**DATA:**

━━━━━━━━━━

lemma prod_one_minus_inverse_primes_ge:
  fixes x :: real
  assumes x: "x \<ge> 2"
  shows "exp (-4) / (3 * ln x) \<le> (\<Prod>p | prime p \<and> real p \<le> x. 1 - 1 / real p)"
proof -
  define n where "n = nat \<lfloor>x\<rfloor>"
  have primes: "{p::nat. prime p \<and> real p \<le> x} = {p. prime p \<and> p \<le> n}"
    unfolding n_def using x by (intro primes_le_real_eq_primes_le_nat_floor) auto
  have "n \<ge> 1" "real n \<le> x"
    using x by (auto simp: n_def le_nat_floor)
  have "ln x \<ge> 2/3"
    using x ln2_ge_two_thirds ln_mono[of 2 x] by linarith
  have pos: "(\<Prod>p | prime p \<and> p \<le> n. 1 - 1 / real p) > 0"
    by (intro prod_pos) (auto simp: prime_ge_2_nat field_simps dest: prime_ge_2_nat)
  have "1 / (\<Prod>p | prime p \<and> p \<le> n. 1 - 1 / real p) = (\<Prod>p | prime p \<and> p \<le> n. 1 / (1 - 1 / real p))"
    by (simp add: prod_dividef)
  also have "\<dots> \<le> (1 + ln x) * exp 4"
    using x \<open>n \<ge> 1\<close> \<open>real n \<le> x\<close> \<open>ln x \<ge> 2/3\<close>
    by (intro prod_inverse_one_minus_inverse_primes_le) auto
  also have "\<dots> \<le> 3 * ln x * exp 4"
    using \<open>ln x \<ge> 2/3\<close> by (intro mult_right_mono) auto
  finally show ?thesis
    using pos x \<open>ln x \<ge> 2/3\<close> by (simp add: primes divide_le_eq exp_minus field_simps)
qed

lemma kappa_nonneg:
  assumes "x \<ge> 0"
  shows "kappa x \<ge> 0"
  using assms unfolding kappa_def
  by (intro mult_nonneg_nonneg prod_nonneg) (auto dest: prime_ge_1_nat simp: field_simps)

lemma inverse_mult_ln_le_kappa:
  assumes x: "x \<ge> 2"
  shows "1 / (x * ln x) \<le> 3 * exp 4 * kappa x"
proof -
  have "1 / (x * ln x) = 3 * exp 4 * (1 / x * (exp (-4) / (3 * ln x)))"
    by (simp add: exp_minus field_simps)
  also have "\<dots> \<le> 3 * exp 4 * kappa x"
    unfolding kappa_def using x
    by (intro mult_left_mono prod_one_minus_inverse_primes_ge) auto
  finally show ?thesis .
qed

section \<open>One-spaced sets\<close>

lemma one_spaced_subset: "one_spaced C \<Longrightarrow> D \<subseteq> C \<Longrightarrow> one_spaced D"
  unfolding one_spaced_def by blast

lemma inj_on_nat_floor_one_spaced:
  assumes "one_spaced D" "D \<subseteq> {0..}"
  shows "inj_on (\<lambda>x. nat \<lfloor>x\<rfloor>) D"
proof (rule inj_onI)
  fix x y assume xy: "x \<in> D" "y \<in> D" "nat \<lfloor>x\<rfloor> = nat \<lfloor>y\<rfloor>"
  moreover have "\<lfloor>x\<rfloor> \<ge> 0" "\<lfloor>y\<rfloor> \<ge> 0"
    using xy assms(2) by auto
  ultimately have "\<lfloor>x\<rfloor> = \<lfloor>y\<rfloor>"
    by (metis eq_nat_nat_iff)
  then have "\<bar>x - y\<bar> < 1"
    by linarith
  then show "x = y"
    using assms(1) xy unfolding one_spaced_def by force
qed

lemma sum_inverse_squares_one_spaced_le_one:
  assumes "one_spaced D" "finite D" "D \<subseteq> {2..}"
  shows "(\<Sum>x\<in>D. 1 / x^2) \<le> 1"
proof -
  have "(\<Sum>x\<in>D. 1 / x^2) \<le> (\<Sum>x\<in>D. 1 / real (nat \<lfloor>x\<rfloor>) ^ 2)"
  proof (rule sum_mono)
    fix x assume "x \<in> D"
    then have "2 \<le> nat \<lfloor>x\<rfloor>" "real (nat \<lfloor>x\<rfloor>) \<le> x"
      using assms(3) le_nat_floor[of 2 x] by auto
    then show "1 / x^2 \<le> 1 / real (nat \<lfloor>x\<rfloor>) ^ 2"
      by (intro divide_left_mono power_mono mult_pos_pos) auto
  qed
  also have "\<dots> = (\<Sum>k\<in>(\<lambda>x. nat \<lfloor>x\<rfloor>) ` D. 1 / real k ^ 2)"
  proof -
    have "inj_on (\<lambda>x. nat \<lfloor>x\<rfloor>) D"
      using assms by (intro inj_on_nat_floor_one_spaced) auto
    then show ?thesis
      by (simp add: sum.reindex)
  qed
  also have "\<dots> \<le> 1"
  proof (rule sum_inverse_squares_le_one)
    show "(\<lambda>x. nat \<lfloor>x\<rfloor>) ` D \<subseteq> {2..}"
      using assms(3) le_nat_floor[of 2] by force
  qed (use assms in simp)
  finally show ?thesis .
qed
lemma one_minus_shift2_mult_index:
  fixes A :: "'a::comm_ring_1 mat"
  assumes A: "A \<in> carrier_mat n m" and "i < n" "j < m"
  shows "((1\<^sub>m n - l \<cdot>\<^sub>m shift2_mat n) * A) $$ (i, j)
    = A $$ (i, j) - l * (if 2 \<le> i then A $$ (i - 2, j) else 0)"
proof -
  have "(1\<^sub>m n - l \<cdot>\<^sub>m shift2_mat n) * A = A - l \<cdot>\<^sub>m (shift2_mat n * A)"
    using A by (simp add: minus_mult_distrib_mat[of _ n n] mult_smult_assoc_mat[of _ n n])
  then show ?thesis
    using assms carrier_matD[OF A]
    by (simp del: index_mult_mat add: index_mult_mat(2,3) shift2_mult_index)
qed

lemma one_minus_shift2_cancel:
  fixes X Y :: "'a::comm_ring_1 mat"
  assumes X: "X \<in> carrier_mat n m" and Y: "Y \<in> carrier_mat n m"
    and eq: "(1\<^sub>m n - l \<cdot>\<^sub>m shift2_mat n) * X = (1\<^sub>m n - l \<cdot>\<^sub>m shift2_mat n) * Y"
  shows "X = Y"
proof (rule eq_matI)
  have "X $$ (i, j) = Y $$ (i, j)" if "i < n" "j < m" for i j
    using that
  proof (induction i rule: less_induct)
    case (less i)
    then have "X $$ (i, j) - l * (if 2 \<le> i then X $$ (i - 2, j) else 0)
             = Y $$ (i, j) - l * (if 2 \<le> i then Y $$ (i - 2, j) else 0)"
      using arg_cong[OF eq, of "\<lambda>M. M $$ (i, j)"]
      by (simp del: index_mult_mat add: one_minus_shift2_mult_index[OF X] one_minus_shift2_mult_index[OF Y])
    with less show ?case
      by (cases "2 \<le> i") auto
  qed
  then show "\<And>i j. i < dim_row Y \<Longrightarrow> j < dim_col Y \<Longrightarrow> X $$ (i, j) = Y $$ (i, j)"
    using Y by auto
qed (use X Y in auto)

lemma one_plus_mat_commute:
  fixes A X :: "'a::comm_ring_1 mat"
  assumes A: "A \<in> carrier_mat n n" and X: "X \<in> carrier_mat n n" and AX: "A * X = X * A"
  shows "(1\<^sub>m n + A) * X = X * (1\<^sub>m n + A)"
proof -
  have "(1\<^sub>m n + A) * X = X + A * X"
    using add_mult_distrib_mat[OF one_carrier_mat A X] carrier_matD[OF X] by simp
  also have "\<dots> = X * (1\<^sub>m n + A)"
    using mult_add_distrib_mat[OF X one_carrier_mat A] carrier_matD[OF X] AX by simp
  finally show ?thesis .
qed

lemma one_minus_smult_mat_commute:
  fixes A X :: "'a::comm_ring_1 mat"
  assumes A: "A \<in> carrier_mat n n" and X: "X \<in> carrier_mat n n" and AX: "A * X = X * A"
  shows "(1\<^sub>m n - l \<cdot>\<^sub>m A) * X = X * (1\<^sub>m n - l \<cdot>\<^sub>m A)"
proof -
  have lA: "l \<cdot>\<^sub>m A \<in> carrier_mat n n" using A by simp
  have "(1\<^sub>m n - l \<cdot>\<^sub>m A) * X = X - l \<cdot>\<^sub>m (A * X)"
    using minus_mult_distrib_mat[OF one_carrier_mat lA X] mult_smult_assoc_mat[OF A X]
      carrier_matD[OF X] by simp
  also have "\<dots> = X * (1\<^sub>m n - l \<cdot>\<^sub>m A)"
    using mult_minus_distrib_mat[OF X one_carrier_mat lA] mult_smult_distrib[OF X A]
      carrier_matD[OF X] AX by simp
  finally show ?thesis .
qed

lemma lincomb_mat_commute:
  fixes A B X :: "'a::comm_ring_1 mat"
  assumes A: "A \<in> carrier_mat n n" and B: "B \<in> carrier_mat n n" and X: "X \<in> carrier_mat n n"
    and AX: "A * X = X * A" and BX: "B * X = X * B"
  shows "(a \<cdot>\<^sub>m A + b \<cdot>\<^sub>m B) * X = X * (a \<cdot>\<^sub>m A + b \<cdot>\<^sub>m B)"
proof -
  have aA: "a \<cdot>\<^sub>m A \<in> carrier_mat n n" and bB: "b \<cdot>\<^sub>m B \<in> carrier_mat n n"
    using A B by simp_all
  have "(a \<cdot>\<^sub>m A + b \<cdot>\<^sub>m B) * X = a \<cdot>\<^sub>m (A * X) + b \<cdot>\<^sub>m (B * X)"
    using add_mult_distrib_mat[OF aA bB X] mult_smult_assoc_mat[OF A X] mult_smult_assoc_mat[OF B X]
    by simp
  also have "\<dots> = X * (a \<cdot>\<^sub>m A + b \<cdot>\<^sub>m B)"
    using mult_add_distrib_mat[OF X aA bB] mult_smult_distrib[OF X A] mult_smult_distrib[OF X B] AX BX
    by simp
  finally show ?thesis .
qed

lemma mat_commute_by_cancellation:
  fixes T T' G G' P P' :: "'a::comm_ring_1 mat"
  assumes carrier: "T \<in> carrier_mat n n" "T' \<in> carrier_mat n n"
      "G \<in> carrier_mat n n" "G' \<in> carrier_mat n n"
    and cancel: "\<And>X Y. X \<in> carrier_mat n n \<Longrightarrow> Y \<in> carrier_mat n n \<Longrightarrow> T * X = T * Y \<Longrightarrow> X = Y"
      "\<And>X Y. X \<in> carrier_mat n n \<Longrightarrow> Y \<in> carrier_mat n n \<Longrightarrow> T' * X = T' * Y \<Longrightarrow> X = Y"
    and P: "T * G = P" and P': "T' * G' = P'"
    and TG': "T * G' = G' * T" and T'P: "T' * P = P * T'" and PP': "P * P' = P' * P"
  shows "G * G' = G' * G"
proof -
  have carrier_P: "P \<in> carrier_mat n n" using carrier P by auto
  have "T' * (P * G') = (P * T') * G'"
    using carrier carrier_P T'P by (simp flip: assoc_mult_mat[of T' n n P n G' n])
  also have "\<dots> = P' * P"
    using carrier carrier_P P' PP' by simp
  also have "\<dots> = T' * (G' * P)"
    unfolding P'[symmetric] using carrier carrier_P by simp
  finally have PG': "P * G' = G' * P"
    by (rule cancel(2)[rotated 2]) (use carrier carrier_P in auto)
  have "T * (G * G') = (T * G) * G'"
    using carrier by simp
  also have "\<dots> = G' * (T * G)"
    using P PG' by simp
  also have "\<dots> = (T * G') * G"
    unfolding TG' using carrier by simp
  also have "\<dots> = T * (G' * G)"
    using carrier by simp
  finally show ?thesis
    by (rule cancel(1)[rotated 2]) (use carrier in auto)
qed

━━━━━━━━━━

**TASK DIRECTIONS:** When you reach the line holding "by (simp del: index_mult_mat add: one_minus_shift2_mult_index[OF" in the records above, begin reproducing exactly, stop after the line holding "using A by simp", and output nothing else.

**EXPECTED ANSWER:**
      by (simp del: index_mult_mat add: one_minus_shift2_mult_index[OF X] one_minus_shift2_mult_index[OF Y])
    with less show ?case
      by (cases "2 \<le> i") auto
  qed
  then show "\<And>i j. i < dim_row Y \<Longrightarrow> j < dim_col Y \<Longrightarrow> X $$ (i, j) = Y $$ (i, j)"
    using Y by auto
qed (use X Y in auto)

lemma one_plus_mat_commute:
  fixes A X :: "'a::comm_ring_1 mat"
  assumes A: "A \<in> carrier_mat n n" and X: "X \<in> carrier_mat n n" and AX: "A * X = X * A"
  shows "(1\<^sub>m n + A) * X = X * (1\<^sub>m n + A)"
proof -
  have "(1\<^sub>m n + A) * X = X + A * X"
    using add_mult_distrib_mat[OF one_carrier_mat A X] carrier_matD[OF X] by simp
  also have "\<dots> = X * (1\<^sub>m n + A)"
    using mult_add_distrib_mat[OF X one_carrier_mat A] carrier_matD[OF X] AX by simp
  finally show ?thesis .
qed

lemma one_minus_smult_mat_commute:
  fixes A X :: "'a::comm_ring_1 mat"
  assumes A: "A \<in> carrier_mat n n" and X: "X \<in> carrier_mat n n" and AX: "A * X = X * A"
  shows "(1\<^sub>m n - l \<cdot>\<^sub>m A) * X = X * (1\<^sub>m n - l \<cdot>\<^sub>m A)"
proof -
  have lA: "l \<cdot>\<^sub>m A \<in> carrier_mat n n" using A by simp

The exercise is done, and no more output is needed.